_WHAT YOU ARE ASKED TO DO:_ Write out the listing below exactly, beginning at its first line and ending with the line that contains "by (simp add: cmod_def power2_eq_square)".
*-*-*
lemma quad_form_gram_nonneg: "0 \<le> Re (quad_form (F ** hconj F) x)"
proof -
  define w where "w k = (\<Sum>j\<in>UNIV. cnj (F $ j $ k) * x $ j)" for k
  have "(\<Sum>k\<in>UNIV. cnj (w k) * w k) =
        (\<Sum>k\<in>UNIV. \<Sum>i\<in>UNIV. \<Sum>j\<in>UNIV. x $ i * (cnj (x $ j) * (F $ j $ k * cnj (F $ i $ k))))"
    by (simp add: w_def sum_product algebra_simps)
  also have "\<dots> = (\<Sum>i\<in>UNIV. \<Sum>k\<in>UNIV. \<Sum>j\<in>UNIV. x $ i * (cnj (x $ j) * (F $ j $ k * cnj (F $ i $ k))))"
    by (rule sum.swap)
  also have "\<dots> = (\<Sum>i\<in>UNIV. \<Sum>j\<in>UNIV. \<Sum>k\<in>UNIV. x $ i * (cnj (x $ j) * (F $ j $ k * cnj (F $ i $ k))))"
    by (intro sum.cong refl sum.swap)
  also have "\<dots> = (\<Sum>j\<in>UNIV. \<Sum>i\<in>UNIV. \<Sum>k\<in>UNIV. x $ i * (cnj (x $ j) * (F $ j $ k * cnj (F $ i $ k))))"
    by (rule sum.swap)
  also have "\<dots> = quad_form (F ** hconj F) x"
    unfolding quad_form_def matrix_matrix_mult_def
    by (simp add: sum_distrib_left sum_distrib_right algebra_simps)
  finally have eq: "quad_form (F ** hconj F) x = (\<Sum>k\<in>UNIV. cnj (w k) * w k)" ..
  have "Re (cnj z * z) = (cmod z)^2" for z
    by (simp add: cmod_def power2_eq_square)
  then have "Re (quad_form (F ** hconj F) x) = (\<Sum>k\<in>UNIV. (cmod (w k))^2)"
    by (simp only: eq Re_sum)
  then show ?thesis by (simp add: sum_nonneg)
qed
*-*-*
_COMPLETED EXERCISE:_
lemma quad_form_gram_nonneg: "0 \<le> Re (quad_form (F ** hconj F) x)"
proof -
  define w where "w k = (\<Sum>j\<in>UNIV. cnj (F $ j $ k) * x $ j)" for k
  have "(\<Sum>k\<in>UNIV. cnj (w k) * w k) =
        (\<Sum>k\<in>UNIV. \<Sum>i\<in>UNIV. \<Sum>j\<in>UNIV. x $ i * (cnj (x $ j) * (F $ j $ k * cnj (F $ i $ k))))"
    by (simp add: w_def sum_product algebra_simps)
  also have "\<dots> = (\<Sum>i\<in>UNIV. \<Sum>k\<in>UNIV. \<Sum>j\<in>UNIV. x $ i * (cnj (x $ j) * (F $ j $ k * cnj (F $ i $ k))))"
    by (rule sum.swap)
  also have "\<dots> = (\<Sum>i\<in>UNIV. \<Sum>j\<in>UNIV. \<Sum>k\<in>UNIV. x $ i * (cnj (x $ j) * (F $ j $ k * cnj (F $ i $ k))))"
    by (intro sum.cong refl sum.swap)
  also have "\<dots> = (\<Sum>j\<in>UNIV. \<Sum>i\<in>UNIV. \<Sum>k\<in>UNIV. x $ i * (cnj (x $ j) * (F $ j $ k * cnj (F $ i $ k))))"
    by (rule sum.swap)
  also have "\<dots> = quad_form (F ** hconj F) x"
    unfolding quad_form_def matrix_matrix_mult_def
    by (simp add: sum_distrib_left sum_distrib_right algebra_simps)
  finally have eq: "quad_form (F ** hconj F) x = (\<Sum>k\<in>UNIV. cnj (w k) * w k)" ..
  have "Re (cnj z * z) = (cmod z)^2" for z
    by (simp add: cmod_def power2_eq_square)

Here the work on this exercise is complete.